• **TO DO**: Only the lines running from the line with "using below[of y]" to the end of the records below belong in the answer, each copied exactly.

Data records:
★ ★ ★ ★ ★

(* Let $G$ be a Polish group and let $H\colon G \to [0,\infty]$ be a graded subgroup which is Baire measurable and not meagre. Then $H$ is upper semi-continuous, and in fact continuous.
   Context: A graded subgroup of $G$ is a function $H\colon G \to [0,\infty]$ such that $H(1_G) = 0$, $H(x) = H(x^{-1})$ for all $x$, and $H(hg) \leq H(h) + H(g)$ for all $g,h\in G$. $H$ is called meagre if there is $r > 0$ such that $\{x \colon H(x) < r\}$ is meagre in $G$. $[0,\infty]$ carries the order topology. *)

theory Defs
  imports "HOL-Analysis.Analysis"
begin

(* Groups are written additively via the type class group_add, which does NOT
   assume commutativity: x + y is the group product, -x the inverse, 0 the identity. *)

definition nowhere_dense :: "'a::topological_space set \<Rightarrow> bool" where
  "nowhere_dense A \<longleftrightarrow> interior (closure A) = {}"

definition meagre :: "'a::topological_space set \<Rightarrow> bool" where
  "meagre A \<longleftrightarrow> (\<exists>F. countable F \<and> (\<forall>N\<in>F. nowhere_dense N) \<and> A \<subseteq> \<Union>F)"

definition baire_property :: "'a::topological_space set \<Rightarrow> bool" where
  "baire_property A \<longleftrightarrow> (\<exists>U. open U \<and> meagre ((A - U) \<union> (U - A)))"

definition baire_measurable :: "('a::topological_space \<Rightarrow> 'b::topological_space) \<Rightarrow> bool" where
  "baire_measurable f \<longleftrightarrow> (\<forall>V. open V \<longrightarrow> baire_property (f -` V))"

definition graded_subgroup :: "('a::group_add \<Rightarrow> ennreal) \<Rightarrow> bool" where
  "graded_subgroup H \<longleftrightarrow> H 0 = 0 \<and> (\<forall>x. H x = H (- x)) \<and> (\<forall>g h. H (h + g) \<le> H h + H g)"

definition meagre_graded :: "('a::{group_add,topological_space} \<Rightarrow> ennreal) \<Rightarrow> bool" where
  "meagre_graded H \<longleftrightarrow> (\<exists>r>0. meagre {x. H x < r})"

definition upper_semicontinuous :: "('a::topological_space \<Rightarrow> 'b::linorder_topology) \<Rightarrow> bool" where
  "upper_semicontinuous f \<longleftrightarrow> (\<forall>x c. f x < c \<longrightarrow> eventually (\<lambda>y. f y < c) (nhds x))"

end

theory Submission
  imports Defs
begin

text \<open>By Pettis' theorem the non-meagre set \<open>{x. H x < r}\<close>, which has the Baire property,
  produces a neighbourhood of \<open>0\<close> consisting of differences \<open>a - b\<close> of its elements, and
  on such differences \<open>H < 2r\<close>. Hence \<open>H\<close> tends to \<open>0\<close> at \<open>0\<close>, and subadditivity together
  with symmetry transport this to continuity at every point.\<close>

lemma meagre_subset: "meagre B \<Longrightarrow> A \<subseteq> B \<Longrightarrow> meagre A"
  unfolding meagre_def by (meson order.trans)

lemma meagre_Un: "meagre A \<Longrightarrow> meagre B \<Longrightarrow> meagre (A \<union> B)"
  unfolding meagre_def
proof (elim exE conjE)
  fix F G assume "countable F" "\<forall>N\<in>F. nowhere_dense N" "A \<subseteq> \<Union>F"
    "countable G" "\<forall>N\<in>G. nowhere_dense N" "B \<subseteq> \<Union>G"
  then show "\<exists>F. countable F \<and> (\<forall>N\<in>F. nowhere_dense N) \<and> A \<union> B \<subseteq> \<Union>F"
    by (intro exI[of _ "F \<union> G"]) auto
qed

lemma open_not_meagre:
  fixes W :: "'a::polish_space set"
  assumes "open W" "W \<noteq> {}"
  shows "\<not> meagre W"
proof
  assume "meagre W"
  then obtain F where F: "countable F" "\<forall>N\<in>F. nowhere_dense N" "W \<subseteq> \<Union>F"
    unfolding meagre_def by blast
  have "euclidean interior_of \<Union>(closure ` F) = {}"
  proof (rule Baire_category_alt)
    show "completely_metrizable_space (euclidean :: 'a topology) \<or>
        locally_compact_space (euclidean :: 'a topology) \<and> regular_space (euclidean :: 'a topology)"
      using completely_metrizable_space_euclidean by blast
    show "countable (closure ` F)"
      using F(1) by simp
    show "closedin euclidean T \<and> euclidean interior_of T = {}" if "T \<in> closure ` F" for T
      using F(2) that by (auto simp: nowhere_dense_def)
  qed
  then have "interior (\<Union>(closure ` F)) = {}"
    by simp
  moreover have "W \<subseteq> interior (\<Union>(closure ` F))"
    using F(3) closure_subset by (intro interior_maximal assms(1)) blast
  ultimately show False
    using assms(2) by blast
qed

lemma homeomorphic_map_translation:
  "homeomorphic_map euclidean euclidean (\<lambda>x::'a::topological_group_add. a + x)"
proof -
  have "continuous_on UNIV (\<lambda>x::'a. b + x)" for b
    by (intro continuous_on_add continuous_on_const continuous_on_id)
  then have "homeomorphic_maps euclidean euclidean (\<lambda>x. a + x) (\<lambda>x. - a + x)"
    by (simp add: homeomorphic_maps_def)
  then show ?thesis
    unfolding homeomorphic_map_maps by blast
qed

lemma nowhere_dense_homeomorphic_image:
  assumes "homeomorphic_map euclidean euclidean f" "nowhere_dense N"
  shows "nowhere_dense (f ` N)"
  using assms homeomorphic_map_closure_of[of euclidean euclidean f]
    homeomorphic_map_interior_of[of euclidean euclidean f]
  by (simp add: nowhere_dense_def)

lemma meagre_homeomorphic_image:
  assumes f: "homeomorphic_map euclidean euclidean f" and "meagre M"
  shows "meagre (f ` M)"
proof -
  obtain F where F: "countable F" "\<forall>N\<in>F. nowhere_dense N" "M \<subseteq> \<Union>F"
    using \<open>meagre M\<close> unfolding meagre_def by blast
  have "countable ((`) f ` F)"
    using F(1) by simp
  moreover have "\<forall>N\<in>(`) f ` F. nowhere_dense N"
    using F(2) nowhere_dense_homeomorphic_image[OF f] by blast
  moreover have "f ` M \<subseteq> \<Union>((`) f ` F)"
    using F(3) by blast
  ultimately show ?thesis
    unfolding meagre_def by blast
qed

lemma Pettis_zero_in_interior_differences:
  fixes A :: "'a::{polish_space, topological_group_add} set"
  assumes "baire_property A" "\<not> meagre A"
  shows "0 \<in> interior {a + - b |a b. a \<in> A \<and> b \<in> A}"
proof -
  obtain U where "open U" and meagre_M: "meagre ((A - U) \<union> (U - A))"
    using assms(1) unfolding baire_property_def by blast
  define M where "M = (A - U) \<union> (U - A)"
  have "U \<noteq> {}"
  proof
    assume "U = {}"
    then show False
      using assms(2) meagre_M by simp
  qed
  then obtain u where "u \<in> U"
    by blast
  define N where "N = (\<lambda>w. w + u) -` U"
  have "continuous_on UNIV (\<lambda>w. w + u)"
    by (intro continuous_on_add continuous_on_id continuous_on_const)
  then have "open N"
    unfolding N_def by (rule open_vimage[OF \<open>open U\<close>])
  moreover have "0 \<in> N"
    using \<open>u \<in> U\<close> by (simp add: N_def)
  moreover have "N \<subseteq> {a + - b |a b. a \<in> A \<and> b \<in> A}"
  proof
    fix w assume "w \<in> N"
    define W where "W = U \<inter> (\<lambda>x. w + x) ` U"
    have "open ((\<lambda>x. w + x) ` U)"
      using homeomorphic_imp_open_map[OF homeomorphic_map_translation] \<open>open U\<close>
      by (metis open_map_def open_openin)
    then have "open W"
      unfolding W_def using \<open>open U\<close> by (intro open_Int)
    moreover have "w + u \<in> W"
      using \<open>w \<in> N\<close> \<open>u \<in> U\<close> unfolding W_def N_def by auto
    ultimately have "\<not> meagre W"
      using open_not_meagre by blast
    moreover have "meagre (M \<union> (\<lambda>x. w + x) ` M)"
      unfolding M_def
      by (intro meagre_Un meagre_M meagre_homeomorphic_image[OF homeomorphic_map_translation])
    ultimately have "\<not> W \<subseteq> M \<union> (\<lambda>x. w + x) ` M"
      by (metis meagre_subset)
    then obtain z where z: "z \<in> W" "z \<notin> M" "z \<notin> (\<lambda>x. w + x) ` M"
      by blast
    then obtain z' where "z' \<in> U" "z = w + z'"
      by (auto simp: W_def)
    then have "z \<in> A" "z' \<in> A"
      using z by (auto simp: W_def M_def)
    moreover have "w = z + - z'"
      using \<open>z = w + z'\<close> by (simp add: add.assoc)
    ultimately show "w \<in> {a + - b |a b. a \<in> A \<and> b \<in> A}"
      by blast
  qed
  ultimately have "N \<subseteq> interior {a + - b |a b. a \<in> A \<and> b \<in> A}"
    by (intro interior_maximal)
  with \<open>0 \<in> N\<close> show ?thesis
    by blast
qed

lemma graded_subgroup_add_le: "graded_subgroup H \<Longrightarrow> H (x + y) \<le> H x + H y"
  unfolding graded_subgroup_def by blast

lemma graded_subgroup_minus: "graded_subgroup H \<Longrightarrow> H (- x) = H x"
  unfolding graded_subgroup_def by metis

lemma graded_subgroup_diff_less:
  assumes "graded_subgroup H" "H a < r" "H b < r"
  shows "H (a + - b) < r + r"
proof -
  have "H (a + - b) \<le> H a + H b"
    using graded_subgroup_add_le[OF assms(1)] graded_subgroup_minus[OF assms(1)] by metis
  also have "\<dots> < r + r"
    using assms(2,3) by (rule add_strict_mono)
  finally show ?thesis .
qed

lemma graded_subgroup_tendsto_zero:
  fixes H :: "'a::{polish_space, topological_group_add} \<Rightarrow> ennreal"
  assumes "graded_subgroup H" "baire_measurable H" "\<not> meagre_graded H"
  shows "(H \<longlongrightarrow> 0) (nhds 0)"
proof (rule order_tendstoI)
  fix c :: ennreal assume "0 < c"
  define r where "r = c / 2"
  have "r > 0"
    using \<open>0 < c\<close> by (simp add: r_def ennreal_zero_less_divide)
  have "r + r = c * 2 / 2"
    by (simp add: r_def mult_2_right flip: add_divide_distrib_ennreal)
  also have "\<dots> = c"
    by (rule ennreal_mult_divide_eq) simp_all
  finally have "r + r = c" .
  define A where "A = {x. H x < r}"
  define D where "D = {a + - b |a b. a \<in> A \<and> b \<in> A}"
  have "H -` {..<r} = A"
    by (auto simp: A_def)
  then have "baire_property A"
    using assms(2) unfolding baire_measurable_def by (metis open_lessThan)
  moreover have "\<not> meagre A"
    using assms(3) \<open>r > 0\<close> unfolding meagre_graded_def A_def by blast
  ultimately have "0 \<in> interior D"
    unfolding D_def by (rule Pettis_zero_in_interior_differences)
  then have "eventually (\<lambda>x. x \<in> interior D) (nhds 0)"
    by (intro eventually_nhds_in_open open_interior)
  moreover have "H x < c" if "x \<in> interior D" for x
    using interior_subset[of D] that graded_subgroup_diff_less[OF assms(1)] \<open>r + r = c\<close>
    by (auto simp: D_def A_def)
  ultimately show "eventually (\<lambda>x. H x < c) (nhds 0)"
    by (rule eventually_mono)
qed simp

lemma graded_subgroup_tendsto:
  fixes H :: "'a::topological_group_add \<Rightarrow> ennreal"
  assumes H: "graded_subgroup H" and "(H \<longlongrightarrow> 0) (nhds 0)"
  shows "(H \<longlongrightarrow> H x) (nhds x)"
proof -
  define d where "d y = H (y + - x)" for y
  have "((\<lambda>y. y + - x) \<longlongrightarrow> x + - x) (nhds x)"
    by (intro tendsto_add filterlim_ident tendsto_const)
  then have "((\<lambda>y. y + - x) \<longlongrightarrow> 0) (nhds x)"
    by simp
  then have "(d \<longlongrightarrow> 0) (nhds x)"
    unfolding d_def using assms(2) by (rule filterlim_compose[rotated])
  then have shifted: "((\<lambda>y. a + d y) \<longlongrightarrow> a) (nhds x)" for a
    using tendsto_add[OF tendsto_const, of d 0 "nhds x" a] by simp
  have above: "H y \<le> H x + d y" for y
    using graded_subgroup_add_le[OF H, of "y + - x" x] by (simp add: d_def add.assoc add.commute)
  have below: "H x \<le> H y + d y" for y
  proof -
    have "H x \<le> H (x + - y) + H y"
      using graded_subgroup_add_le[OF H, of "x + - y" y] by (simp add: add.assoc)
    also have "H (x + - y) = d y"
      using graded_subgroup_minus[OF H, of "y + - x"] by (simp add: d_def minus_add)
    finally show ?thesis
      by (simp add: add.commute)
  qed
  show ?thesis
  proof (rule order_tendstoI)
    fix c assume "H x < c"
    with order_tendstoD(2)[OF shifted] have "eventually (\<lambda>y. H x + d y < c) (nhds x)" .
    then show "eventually (\<lambda>y. H y < c) (nhds x)"
      by (rule eventually_mono) (use above order.strict_trans1 in blast)
  next
    fix c assume "c < H x"
    with order_tendstoD(2)[OF shifted] have "eventually (\<lambda>y. c + d y < H x) (nhds x)" .
    then show "eventually (\<lambda>y. c < H y) (nhds x)"
    proof (rule eventually_mono)
      fix y assume "c + d y < H x"
      show "c < H y"
      proof (rule ccontr)
        assume "\<not> c < H y"
        then have "H y + d y \<le> c + d y"
          by (simp add: add_right_mono)
        then have "H x \<le> c + d y"
          using below[of y] by (rule order_trans[rotated])
        then show False
          using \<open>c + d y < H x\<close> by simp
      qed
    qed
  qed
qed

lemma upper_semicontinuous_if_tendsto:
  "(\<And>x. (f \<longlongrightarrow> f x) (nhds x)) \<Longrightarrow> upper_semicontinuous f"
  unfolding upper_semicontinuous_def using order_tendstoD(2) by blast

theorem lemma3p11:
  fixes H :: "'a::{polish_space, topological_group_add} \<Rightarrow> ennreal"
  assumes "graded_subgroup H"
    and "baire_measurable H"
    and "\<not> meagre_graded H"
  shows "upper_semicontinuous H \<and> continuous_on UNIV H"
proof -
  have "(H \<longlongrightarrow> 0) (nhds 0)"
    using assms by (rule graded_subgroup_tendsto_zero)
  then have "(H \<longlongrightarrow> H x) (nhds x)" for x
    using assms(1) graded_subgroup_tendsto by blast
  then show ?thesis
    by (simp add: upper_semicontinuous_if_tendsto continuous_on_eq_continuous_at isCont_def
        tendsto_at_iff_tendsto_nhds)
qed

end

★ ★ ★ ★ ★

• **ANSWER BOX**:
          using below[of y] by (rule order_trans[rotated])
        then show False
          using \<open>c + d y < H x\<close> by simp
      qed
    qed
  qed
qed

lemma upper_semicontinuous_if_tendsto:
  "(\<And>x. (f \<longlongrightarrow> f x) (nhds x)) \<Longrightarrow> upper_semicontinuous f"
  unfolding upper_semicontinuous_def using order_tendstoD(2) by blast

theorem lemma3p11:
  fixes H :: "'a::{polish_space, topological_group_add} \<Rightarrow> ennreal"
  assumes "graded_subgroup H"
    and "baire_measurable H"
    and "\<not> meagre_graded H"
  shows "upper_semicontinuous H \<and> continuous_on UNIV H"
proof -
  have "(H \<longlongrightarrow> 0) (nhds 0)"
    using assms by (rule graded_subgroup_tendsto_zero)
  then have "(H \<longlongrightarrow> H x) (nhds x)" for x
    using assms(1) graded_subgroup_tendsto by blast
  then show ?thesis
    by (simp add: upper_semicontinuous_if_tendsto continuous_on_eq_continuous_at isCont_def
        tendsto_at_iff_tendsto_nhds)
qed

end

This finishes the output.